**Work task:** Scan the material below for the word "open", then copy every line in which it appears.

╭──

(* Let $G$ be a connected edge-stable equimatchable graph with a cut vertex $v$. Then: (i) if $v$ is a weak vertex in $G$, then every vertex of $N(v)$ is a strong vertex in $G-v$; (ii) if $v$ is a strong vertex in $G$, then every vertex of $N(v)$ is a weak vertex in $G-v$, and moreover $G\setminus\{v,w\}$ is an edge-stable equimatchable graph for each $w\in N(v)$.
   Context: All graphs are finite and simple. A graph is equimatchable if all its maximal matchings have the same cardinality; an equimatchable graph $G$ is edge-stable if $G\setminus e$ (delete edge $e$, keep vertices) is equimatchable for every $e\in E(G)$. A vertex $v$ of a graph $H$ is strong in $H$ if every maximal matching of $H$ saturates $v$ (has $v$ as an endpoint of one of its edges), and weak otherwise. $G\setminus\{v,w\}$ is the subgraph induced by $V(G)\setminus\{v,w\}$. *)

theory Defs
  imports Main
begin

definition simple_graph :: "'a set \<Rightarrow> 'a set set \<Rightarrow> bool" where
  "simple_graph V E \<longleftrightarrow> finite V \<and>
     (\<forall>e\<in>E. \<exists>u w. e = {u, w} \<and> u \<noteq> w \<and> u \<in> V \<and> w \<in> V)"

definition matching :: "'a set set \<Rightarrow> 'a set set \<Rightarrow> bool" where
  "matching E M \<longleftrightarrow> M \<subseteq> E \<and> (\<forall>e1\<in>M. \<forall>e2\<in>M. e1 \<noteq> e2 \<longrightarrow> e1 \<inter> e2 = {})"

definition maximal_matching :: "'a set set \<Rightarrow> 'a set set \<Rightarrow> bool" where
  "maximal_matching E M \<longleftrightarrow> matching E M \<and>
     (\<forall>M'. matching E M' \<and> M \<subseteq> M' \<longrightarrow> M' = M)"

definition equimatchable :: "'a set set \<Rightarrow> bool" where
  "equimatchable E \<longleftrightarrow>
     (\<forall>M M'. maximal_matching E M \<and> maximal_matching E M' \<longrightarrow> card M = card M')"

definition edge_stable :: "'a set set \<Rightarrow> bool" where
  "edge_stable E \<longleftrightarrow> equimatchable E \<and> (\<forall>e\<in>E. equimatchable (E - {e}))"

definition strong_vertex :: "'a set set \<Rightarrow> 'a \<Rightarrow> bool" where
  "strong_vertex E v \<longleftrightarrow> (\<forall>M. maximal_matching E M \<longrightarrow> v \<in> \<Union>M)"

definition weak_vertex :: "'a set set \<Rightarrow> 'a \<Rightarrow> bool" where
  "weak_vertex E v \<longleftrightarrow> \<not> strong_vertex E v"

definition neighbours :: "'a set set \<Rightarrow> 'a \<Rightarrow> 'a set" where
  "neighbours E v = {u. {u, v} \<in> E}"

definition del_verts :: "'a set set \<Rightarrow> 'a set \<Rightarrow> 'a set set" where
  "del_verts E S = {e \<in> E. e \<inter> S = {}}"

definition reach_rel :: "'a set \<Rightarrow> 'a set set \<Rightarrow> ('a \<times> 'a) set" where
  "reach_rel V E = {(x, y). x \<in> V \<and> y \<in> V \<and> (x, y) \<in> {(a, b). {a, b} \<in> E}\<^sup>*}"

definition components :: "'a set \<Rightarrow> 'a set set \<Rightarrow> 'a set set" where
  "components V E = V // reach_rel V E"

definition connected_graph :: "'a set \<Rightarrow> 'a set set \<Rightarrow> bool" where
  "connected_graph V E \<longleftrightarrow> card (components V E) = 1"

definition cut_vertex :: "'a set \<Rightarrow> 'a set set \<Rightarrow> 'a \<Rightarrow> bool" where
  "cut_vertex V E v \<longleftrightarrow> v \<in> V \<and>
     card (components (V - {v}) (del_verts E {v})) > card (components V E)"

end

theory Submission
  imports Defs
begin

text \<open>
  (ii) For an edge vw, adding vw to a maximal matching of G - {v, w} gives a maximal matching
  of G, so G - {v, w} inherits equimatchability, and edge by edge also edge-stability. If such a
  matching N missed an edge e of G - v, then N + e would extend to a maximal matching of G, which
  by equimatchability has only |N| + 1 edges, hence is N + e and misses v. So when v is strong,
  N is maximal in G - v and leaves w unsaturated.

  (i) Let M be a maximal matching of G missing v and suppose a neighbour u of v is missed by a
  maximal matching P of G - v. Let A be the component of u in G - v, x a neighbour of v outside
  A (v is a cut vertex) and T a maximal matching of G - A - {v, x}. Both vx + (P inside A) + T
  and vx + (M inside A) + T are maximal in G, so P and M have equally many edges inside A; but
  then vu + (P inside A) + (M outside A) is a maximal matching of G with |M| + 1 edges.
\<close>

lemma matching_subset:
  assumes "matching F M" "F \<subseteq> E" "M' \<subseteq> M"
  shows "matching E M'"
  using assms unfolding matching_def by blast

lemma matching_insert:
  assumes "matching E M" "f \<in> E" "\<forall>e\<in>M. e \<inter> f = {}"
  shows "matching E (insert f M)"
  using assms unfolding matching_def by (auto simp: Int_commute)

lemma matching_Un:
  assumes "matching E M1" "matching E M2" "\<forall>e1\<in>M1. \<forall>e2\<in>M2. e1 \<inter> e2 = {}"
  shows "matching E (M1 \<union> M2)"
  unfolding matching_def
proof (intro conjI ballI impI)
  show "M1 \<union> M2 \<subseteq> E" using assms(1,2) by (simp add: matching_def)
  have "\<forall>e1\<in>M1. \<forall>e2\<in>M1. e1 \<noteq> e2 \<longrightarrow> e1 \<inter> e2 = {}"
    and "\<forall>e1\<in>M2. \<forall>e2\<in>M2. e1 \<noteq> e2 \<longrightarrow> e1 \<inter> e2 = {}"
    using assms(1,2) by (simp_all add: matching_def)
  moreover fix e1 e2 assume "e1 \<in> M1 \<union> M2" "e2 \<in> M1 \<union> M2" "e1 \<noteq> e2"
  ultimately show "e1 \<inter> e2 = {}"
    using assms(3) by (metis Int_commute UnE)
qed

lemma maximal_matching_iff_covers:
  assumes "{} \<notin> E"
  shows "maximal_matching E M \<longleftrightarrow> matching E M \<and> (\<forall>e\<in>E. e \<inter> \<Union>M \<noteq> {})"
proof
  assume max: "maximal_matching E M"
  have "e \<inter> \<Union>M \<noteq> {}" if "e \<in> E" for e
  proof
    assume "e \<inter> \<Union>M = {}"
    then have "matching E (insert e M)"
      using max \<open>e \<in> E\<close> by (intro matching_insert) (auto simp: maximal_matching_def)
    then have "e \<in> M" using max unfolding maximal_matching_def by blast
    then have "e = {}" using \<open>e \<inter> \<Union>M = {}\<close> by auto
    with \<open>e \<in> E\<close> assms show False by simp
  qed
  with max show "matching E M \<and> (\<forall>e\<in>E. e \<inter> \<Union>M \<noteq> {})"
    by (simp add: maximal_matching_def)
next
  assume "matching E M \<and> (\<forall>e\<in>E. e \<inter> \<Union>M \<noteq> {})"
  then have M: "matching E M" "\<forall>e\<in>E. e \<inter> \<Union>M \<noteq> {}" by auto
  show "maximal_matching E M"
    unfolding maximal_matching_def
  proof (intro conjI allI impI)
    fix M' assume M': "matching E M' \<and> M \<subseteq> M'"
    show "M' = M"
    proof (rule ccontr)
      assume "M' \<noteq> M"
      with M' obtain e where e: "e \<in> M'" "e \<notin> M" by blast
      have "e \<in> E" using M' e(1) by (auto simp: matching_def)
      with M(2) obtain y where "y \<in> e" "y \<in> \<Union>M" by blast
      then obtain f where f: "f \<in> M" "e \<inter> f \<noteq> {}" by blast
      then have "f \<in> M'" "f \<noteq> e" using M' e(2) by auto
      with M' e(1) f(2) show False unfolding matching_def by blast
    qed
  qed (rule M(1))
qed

╰──
╭──

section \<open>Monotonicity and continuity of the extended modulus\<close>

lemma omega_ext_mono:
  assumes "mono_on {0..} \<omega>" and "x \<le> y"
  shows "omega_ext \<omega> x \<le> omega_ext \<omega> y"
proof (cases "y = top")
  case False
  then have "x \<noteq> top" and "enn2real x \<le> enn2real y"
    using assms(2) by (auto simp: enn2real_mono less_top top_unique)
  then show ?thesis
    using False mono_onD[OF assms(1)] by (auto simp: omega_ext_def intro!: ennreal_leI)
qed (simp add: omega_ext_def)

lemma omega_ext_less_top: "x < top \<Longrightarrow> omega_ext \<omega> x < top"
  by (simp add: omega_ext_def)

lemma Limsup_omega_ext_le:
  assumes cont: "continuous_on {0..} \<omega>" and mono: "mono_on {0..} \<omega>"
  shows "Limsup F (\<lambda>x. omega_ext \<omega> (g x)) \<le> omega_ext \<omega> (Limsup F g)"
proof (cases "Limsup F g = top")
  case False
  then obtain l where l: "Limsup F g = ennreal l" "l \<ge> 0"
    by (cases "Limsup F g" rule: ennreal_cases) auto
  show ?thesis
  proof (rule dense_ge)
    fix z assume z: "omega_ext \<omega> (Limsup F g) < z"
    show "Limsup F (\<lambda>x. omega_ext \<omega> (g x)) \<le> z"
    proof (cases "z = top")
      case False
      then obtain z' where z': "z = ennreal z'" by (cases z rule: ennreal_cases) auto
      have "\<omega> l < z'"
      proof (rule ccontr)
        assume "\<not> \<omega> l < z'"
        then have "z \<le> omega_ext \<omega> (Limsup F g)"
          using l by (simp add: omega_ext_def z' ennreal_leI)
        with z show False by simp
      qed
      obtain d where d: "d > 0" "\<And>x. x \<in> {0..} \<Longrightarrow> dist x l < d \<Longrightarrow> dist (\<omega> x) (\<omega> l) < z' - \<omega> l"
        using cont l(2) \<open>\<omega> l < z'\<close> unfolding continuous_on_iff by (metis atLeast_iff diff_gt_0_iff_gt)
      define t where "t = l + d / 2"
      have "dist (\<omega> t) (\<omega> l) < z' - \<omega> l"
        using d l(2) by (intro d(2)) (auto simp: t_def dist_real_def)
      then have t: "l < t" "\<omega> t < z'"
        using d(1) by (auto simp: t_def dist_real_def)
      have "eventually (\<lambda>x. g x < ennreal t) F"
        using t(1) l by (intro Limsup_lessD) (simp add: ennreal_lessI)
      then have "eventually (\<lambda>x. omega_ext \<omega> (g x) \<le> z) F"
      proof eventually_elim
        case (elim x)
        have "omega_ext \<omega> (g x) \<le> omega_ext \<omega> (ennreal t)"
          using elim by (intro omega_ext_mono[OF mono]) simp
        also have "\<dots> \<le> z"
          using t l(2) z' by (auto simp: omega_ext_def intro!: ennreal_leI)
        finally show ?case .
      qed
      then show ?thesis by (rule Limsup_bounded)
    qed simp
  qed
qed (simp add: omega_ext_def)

╰──

**Response to the task:**
text \<open>
      using max \<open>e \<in> E\<close> by (intro matching_insert) (auto simp: maximal_matching_def)
    then have "e = {}" using \<open>e \<inter> \<Union>M = {}\<close> by auto
    with \<open>e \<in> E\<close> assms show False by simp
section \<open>Monotonicity and continuity of the extended modulus\<close>
        using cont l(2) \<open>\<omega> l < z'\<close> unfolding continuous_on_iff by (metis atLeast_iff diff_gt_0_iff_gt)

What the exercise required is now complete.